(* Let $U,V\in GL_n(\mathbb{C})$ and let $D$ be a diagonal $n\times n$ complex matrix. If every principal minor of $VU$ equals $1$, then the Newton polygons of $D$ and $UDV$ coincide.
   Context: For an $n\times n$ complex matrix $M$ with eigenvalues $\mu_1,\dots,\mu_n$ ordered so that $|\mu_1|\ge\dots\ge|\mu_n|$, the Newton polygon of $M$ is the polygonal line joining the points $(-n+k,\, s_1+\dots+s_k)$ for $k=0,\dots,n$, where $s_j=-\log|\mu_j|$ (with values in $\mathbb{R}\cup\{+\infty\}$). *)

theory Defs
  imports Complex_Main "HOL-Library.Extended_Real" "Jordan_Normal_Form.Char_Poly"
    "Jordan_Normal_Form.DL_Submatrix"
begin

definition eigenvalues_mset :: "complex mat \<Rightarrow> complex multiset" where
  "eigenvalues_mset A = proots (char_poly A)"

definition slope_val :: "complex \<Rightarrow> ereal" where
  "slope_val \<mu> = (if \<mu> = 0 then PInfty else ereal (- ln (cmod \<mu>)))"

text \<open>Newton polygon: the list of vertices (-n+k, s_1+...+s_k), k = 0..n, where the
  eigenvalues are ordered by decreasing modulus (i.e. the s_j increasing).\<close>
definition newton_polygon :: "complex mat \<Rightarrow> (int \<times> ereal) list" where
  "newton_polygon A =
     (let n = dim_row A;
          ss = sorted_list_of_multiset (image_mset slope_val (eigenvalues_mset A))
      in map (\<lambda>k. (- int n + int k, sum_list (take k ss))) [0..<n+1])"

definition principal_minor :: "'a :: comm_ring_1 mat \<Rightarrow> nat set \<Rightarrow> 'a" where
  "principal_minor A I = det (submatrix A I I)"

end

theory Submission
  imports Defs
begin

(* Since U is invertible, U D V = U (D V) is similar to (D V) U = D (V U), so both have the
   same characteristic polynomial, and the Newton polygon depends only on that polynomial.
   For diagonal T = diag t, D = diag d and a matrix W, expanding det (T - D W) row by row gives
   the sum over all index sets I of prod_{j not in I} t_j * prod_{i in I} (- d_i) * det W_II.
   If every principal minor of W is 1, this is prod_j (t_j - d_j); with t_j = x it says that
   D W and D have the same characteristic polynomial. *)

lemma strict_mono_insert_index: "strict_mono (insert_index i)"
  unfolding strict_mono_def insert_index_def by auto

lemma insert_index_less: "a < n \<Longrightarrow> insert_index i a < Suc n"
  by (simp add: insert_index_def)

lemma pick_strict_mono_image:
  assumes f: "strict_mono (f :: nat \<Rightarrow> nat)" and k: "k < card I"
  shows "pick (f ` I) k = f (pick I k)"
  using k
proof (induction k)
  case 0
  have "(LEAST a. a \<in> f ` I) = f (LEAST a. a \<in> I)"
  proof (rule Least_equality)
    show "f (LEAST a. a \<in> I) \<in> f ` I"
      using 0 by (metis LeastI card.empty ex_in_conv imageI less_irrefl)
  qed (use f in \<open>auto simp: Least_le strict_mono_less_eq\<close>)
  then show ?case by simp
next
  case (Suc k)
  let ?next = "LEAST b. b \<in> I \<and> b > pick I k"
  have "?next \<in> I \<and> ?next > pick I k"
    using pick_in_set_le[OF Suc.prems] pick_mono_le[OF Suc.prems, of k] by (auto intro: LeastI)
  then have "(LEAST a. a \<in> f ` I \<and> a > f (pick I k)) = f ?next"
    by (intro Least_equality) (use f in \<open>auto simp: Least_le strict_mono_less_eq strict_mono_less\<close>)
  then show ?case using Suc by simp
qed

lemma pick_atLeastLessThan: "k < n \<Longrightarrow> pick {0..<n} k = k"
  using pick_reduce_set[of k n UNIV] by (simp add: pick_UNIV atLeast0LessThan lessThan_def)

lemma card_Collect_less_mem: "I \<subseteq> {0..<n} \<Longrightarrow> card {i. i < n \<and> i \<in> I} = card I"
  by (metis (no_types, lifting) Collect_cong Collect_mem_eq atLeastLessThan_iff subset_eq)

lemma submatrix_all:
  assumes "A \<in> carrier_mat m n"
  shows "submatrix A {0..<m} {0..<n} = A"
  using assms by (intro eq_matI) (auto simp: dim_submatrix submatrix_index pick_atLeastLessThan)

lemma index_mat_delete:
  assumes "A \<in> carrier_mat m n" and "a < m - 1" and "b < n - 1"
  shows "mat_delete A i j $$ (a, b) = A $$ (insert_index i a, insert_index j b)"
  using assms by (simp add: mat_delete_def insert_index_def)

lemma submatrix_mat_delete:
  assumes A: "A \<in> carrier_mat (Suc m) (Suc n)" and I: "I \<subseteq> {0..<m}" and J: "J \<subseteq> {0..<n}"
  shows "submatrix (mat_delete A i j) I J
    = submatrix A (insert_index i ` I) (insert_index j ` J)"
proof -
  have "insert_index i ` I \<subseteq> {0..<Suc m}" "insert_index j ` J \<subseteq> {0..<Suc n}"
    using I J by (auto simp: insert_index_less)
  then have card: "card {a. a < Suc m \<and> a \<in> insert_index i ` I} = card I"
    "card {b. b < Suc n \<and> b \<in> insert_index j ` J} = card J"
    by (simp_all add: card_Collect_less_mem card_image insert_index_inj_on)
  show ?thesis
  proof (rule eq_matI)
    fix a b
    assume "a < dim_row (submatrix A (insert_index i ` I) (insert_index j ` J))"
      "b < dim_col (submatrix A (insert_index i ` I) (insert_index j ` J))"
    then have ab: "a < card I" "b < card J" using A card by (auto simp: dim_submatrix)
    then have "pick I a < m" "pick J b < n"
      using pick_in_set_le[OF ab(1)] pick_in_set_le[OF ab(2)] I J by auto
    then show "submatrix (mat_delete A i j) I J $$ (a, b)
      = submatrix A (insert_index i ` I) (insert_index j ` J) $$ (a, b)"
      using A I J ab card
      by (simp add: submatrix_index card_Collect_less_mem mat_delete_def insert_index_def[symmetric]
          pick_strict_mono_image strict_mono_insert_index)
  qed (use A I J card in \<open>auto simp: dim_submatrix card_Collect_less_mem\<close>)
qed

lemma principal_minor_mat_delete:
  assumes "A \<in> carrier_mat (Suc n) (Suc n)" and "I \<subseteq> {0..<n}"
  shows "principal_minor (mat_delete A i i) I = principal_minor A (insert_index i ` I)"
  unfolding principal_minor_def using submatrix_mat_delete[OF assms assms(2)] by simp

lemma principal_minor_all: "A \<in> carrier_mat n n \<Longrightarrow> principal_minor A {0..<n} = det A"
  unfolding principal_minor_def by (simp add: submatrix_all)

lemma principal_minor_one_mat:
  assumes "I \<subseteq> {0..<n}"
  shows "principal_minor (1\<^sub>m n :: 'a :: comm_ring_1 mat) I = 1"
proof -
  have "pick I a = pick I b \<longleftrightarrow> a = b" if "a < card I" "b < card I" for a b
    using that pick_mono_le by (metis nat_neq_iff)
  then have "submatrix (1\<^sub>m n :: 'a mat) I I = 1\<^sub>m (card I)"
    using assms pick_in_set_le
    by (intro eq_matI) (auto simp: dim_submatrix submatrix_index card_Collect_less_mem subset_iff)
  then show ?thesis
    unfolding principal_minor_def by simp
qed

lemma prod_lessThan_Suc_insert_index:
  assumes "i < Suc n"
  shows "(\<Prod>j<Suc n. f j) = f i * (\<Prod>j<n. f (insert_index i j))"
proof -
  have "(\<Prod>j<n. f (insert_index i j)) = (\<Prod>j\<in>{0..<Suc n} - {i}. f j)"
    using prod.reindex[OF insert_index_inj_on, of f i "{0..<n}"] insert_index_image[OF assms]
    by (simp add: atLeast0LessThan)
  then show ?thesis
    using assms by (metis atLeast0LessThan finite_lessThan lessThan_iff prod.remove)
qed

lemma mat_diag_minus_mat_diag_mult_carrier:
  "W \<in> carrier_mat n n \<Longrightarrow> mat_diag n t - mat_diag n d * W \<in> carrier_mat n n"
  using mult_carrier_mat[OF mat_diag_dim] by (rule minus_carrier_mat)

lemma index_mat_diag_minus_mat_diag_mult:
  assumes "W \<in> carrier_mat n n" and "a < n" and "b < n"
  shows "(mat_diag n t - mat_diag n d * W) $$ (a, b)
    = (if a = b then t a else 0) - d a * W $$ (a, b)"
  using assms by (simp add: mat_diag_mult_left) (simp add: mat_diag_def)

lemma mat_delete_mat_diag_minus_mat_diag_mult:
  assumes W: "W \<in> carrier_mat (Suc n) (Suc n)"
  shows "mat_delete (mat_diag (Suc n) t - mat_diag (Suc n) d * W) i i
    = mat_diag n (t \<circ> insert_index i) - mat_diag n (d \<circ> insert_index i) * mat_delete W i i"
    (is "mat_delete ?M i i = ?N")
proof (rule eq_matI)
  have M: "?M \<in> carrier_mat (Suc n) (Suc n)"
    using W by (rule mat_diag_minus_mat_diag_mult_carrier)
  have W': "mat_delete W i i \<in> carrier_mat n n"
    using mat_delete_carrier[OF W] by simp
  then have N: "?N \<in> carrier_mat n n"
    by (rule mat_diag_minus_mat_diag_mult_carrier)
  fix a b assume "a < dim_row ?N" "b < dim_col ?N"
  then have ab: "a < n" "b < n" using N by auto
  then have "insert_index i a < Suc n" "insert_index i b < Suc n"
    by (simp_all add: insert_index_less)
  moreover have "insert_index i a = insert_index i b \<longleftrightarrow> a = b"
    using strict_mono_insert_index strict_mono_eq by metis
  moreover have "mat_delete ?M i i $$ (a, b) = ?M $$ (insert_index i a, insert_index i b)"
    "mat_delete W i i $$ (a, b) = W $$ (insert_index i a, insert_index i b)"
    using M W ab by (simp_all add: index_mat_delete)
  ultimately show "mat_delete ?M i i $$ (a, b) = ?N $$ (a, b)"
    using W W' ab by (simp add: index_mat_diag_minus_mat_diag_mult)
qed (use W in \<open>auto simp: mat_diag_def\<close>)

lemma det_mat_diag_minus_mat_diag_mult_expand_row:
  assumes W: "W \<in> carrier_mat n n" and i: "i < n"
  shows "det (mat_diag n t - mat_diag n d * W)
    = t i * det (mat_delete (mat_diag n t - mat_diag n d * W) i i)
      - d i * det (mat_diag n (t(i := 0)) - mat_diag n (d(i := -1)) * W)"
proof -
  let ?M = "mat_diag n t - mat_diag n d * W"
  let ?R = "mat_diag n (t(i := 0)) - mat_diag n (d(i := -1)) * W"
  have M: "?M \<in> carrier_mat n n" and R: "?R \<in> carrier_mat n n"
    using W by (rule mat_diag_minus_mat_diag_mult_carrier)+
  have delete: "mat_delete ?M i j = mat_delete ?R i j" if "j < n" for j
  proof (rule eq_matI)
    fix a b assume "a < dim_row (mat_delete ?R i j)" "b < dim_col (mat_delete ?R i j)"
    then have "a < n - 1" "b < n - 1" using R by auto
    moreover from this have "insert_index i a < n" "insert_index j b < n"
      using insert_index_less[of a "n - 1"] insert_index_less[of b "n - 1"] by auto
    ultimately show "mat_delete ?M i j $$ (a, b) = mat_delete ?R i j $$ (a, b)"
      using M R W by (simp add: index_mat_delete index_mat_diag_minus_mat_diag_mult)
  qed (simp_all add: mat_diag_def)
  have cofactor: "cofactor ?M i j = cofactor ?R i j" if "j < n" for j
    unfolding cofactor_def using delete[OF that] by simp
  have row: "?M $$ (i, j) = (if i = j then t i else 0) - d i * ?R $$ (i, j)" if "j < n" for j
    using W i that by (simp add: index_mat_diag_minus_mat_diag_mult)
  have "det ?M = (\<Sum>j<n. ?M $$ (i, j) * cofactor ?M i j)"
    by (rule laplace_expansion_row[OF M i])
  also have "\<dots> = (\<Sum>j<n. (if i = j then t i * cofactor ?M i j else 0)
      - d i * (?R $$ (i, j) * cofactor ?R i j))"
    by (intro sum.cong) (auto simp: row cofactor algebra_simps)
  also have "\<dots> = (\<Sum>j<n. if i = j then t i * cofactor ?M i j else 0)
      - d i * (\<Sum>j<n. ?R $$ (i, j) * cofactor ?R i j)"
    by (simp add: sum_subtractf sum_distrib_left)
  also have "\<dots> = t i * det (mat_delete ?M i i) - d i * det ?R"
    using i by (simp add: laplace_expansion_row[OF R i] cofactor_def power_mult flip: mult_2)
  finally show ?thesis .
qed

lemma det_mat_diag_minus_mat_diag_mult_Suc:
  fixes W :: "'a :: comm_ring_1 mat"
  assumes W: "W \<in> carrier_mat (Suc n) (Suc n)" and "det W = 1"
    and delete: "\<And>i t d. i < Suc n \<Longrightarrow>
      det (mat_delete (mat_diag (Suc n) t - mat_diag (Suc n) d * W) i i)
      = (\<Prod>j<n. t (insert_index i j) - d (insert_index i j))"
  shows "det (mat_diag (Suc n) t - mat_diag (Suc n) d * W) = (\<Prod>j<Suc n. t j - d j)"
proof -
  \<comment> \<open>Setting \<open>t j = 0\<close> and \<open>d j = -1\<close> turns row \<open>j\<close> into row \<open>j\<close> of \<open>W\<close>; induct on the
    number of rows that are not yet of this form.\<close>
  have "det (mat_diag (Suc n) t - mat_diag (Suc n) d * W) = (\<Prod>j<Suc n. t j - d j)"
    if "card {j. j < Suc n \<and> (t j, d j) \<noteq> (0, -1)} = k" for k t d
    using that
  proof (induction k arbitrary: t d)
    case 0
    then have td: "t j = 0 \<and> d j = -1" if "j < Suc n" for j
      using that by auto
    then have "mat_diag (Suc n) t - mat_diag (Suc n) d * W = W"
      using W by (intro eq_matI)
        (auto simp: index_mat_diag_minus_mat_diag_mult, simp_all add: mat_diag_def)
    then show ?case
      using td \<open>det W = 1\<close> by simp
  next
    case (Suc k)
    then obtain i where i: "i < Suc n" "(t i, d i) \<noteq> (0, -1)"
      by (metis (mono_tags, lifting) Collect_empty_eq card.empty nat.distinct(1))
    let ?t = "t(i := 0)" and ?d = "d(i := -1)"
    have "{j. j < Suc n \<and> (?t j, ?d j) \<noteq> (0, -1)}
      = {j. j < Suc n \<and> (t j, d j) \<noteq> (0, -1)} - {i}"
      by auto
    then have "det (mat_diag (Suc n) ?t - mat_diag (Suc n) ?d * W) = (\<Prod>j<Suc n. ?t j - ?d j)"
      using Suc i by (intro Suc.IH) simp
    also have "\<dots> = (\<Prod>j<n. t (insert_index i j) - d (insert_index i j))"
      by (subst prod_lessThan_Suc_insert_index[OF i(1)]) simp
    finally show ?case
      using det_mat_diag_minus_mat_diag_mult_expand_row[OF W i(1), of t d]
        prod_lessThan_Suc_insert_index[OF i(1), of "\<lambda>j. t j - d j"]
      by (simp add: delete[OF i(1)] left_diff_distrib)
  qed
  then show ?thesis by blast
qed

--- --- ---

-- Work request --
Your task is to quote the lines above, beginning with the first and ending with the one that holds "(let n = dim_row A;".

-- Response to this exercise --
(* Let $U,V\in GL_n(\mathbb{C})$ and let $D$ be a diagonal $n\times n$ complex matrix. If every principal minor of $VU$ equals $1$, then the Newton polygons of $D$ and $UDV$ coincide.
   Context: For an $n\times n$ complex matrix $M$ with eigenvalues $\mu_1,\dots,\mu_n$ ordered so that $|\mu_1|\ge\dots\ge|\mu_n|$, the Newton polygon of $M$ is the polygonal line joining the points $(-n+k,\, s_1+\dots+s_k)$ for $k=0,\dots,n$, where $s_j=-\log|\mu_j|$ (with values in $\mathbb{R}\cup\{+\infty\}$). *)

theory Defs
  imports Complex_Main "HOL-Library.Extended_Real" "Jordan_Normal_Form.Char_Poly"
    "Jordan_Normal_Form.DL_Submatrix"
begin

definition eigenvalues_mset :: "complex mat \<Rightarrow> complex multiset" where
  "eigenvalues_mset A = proots (char_poly A)"

definition slope_val :: "complex \<Rightarrow> ereal" where
  "slope_val \<mu> = (if \<mu> = 0 then PInfty else ereal (- ln (cmod \<mu>)))"

text \<open>Newton polygon: the list of vertices (-n+k, s_1+...+s_k), k = 0..n, where the
  eigenvalues are ordered by decreasing modulus (i.e. the s_j increasing).\<close>
definition newton_polygon :: "complex mat \<Rightarrow> (int \<times> ereal) list" where
  "newton_polygon A =
     (let n = dim_row A;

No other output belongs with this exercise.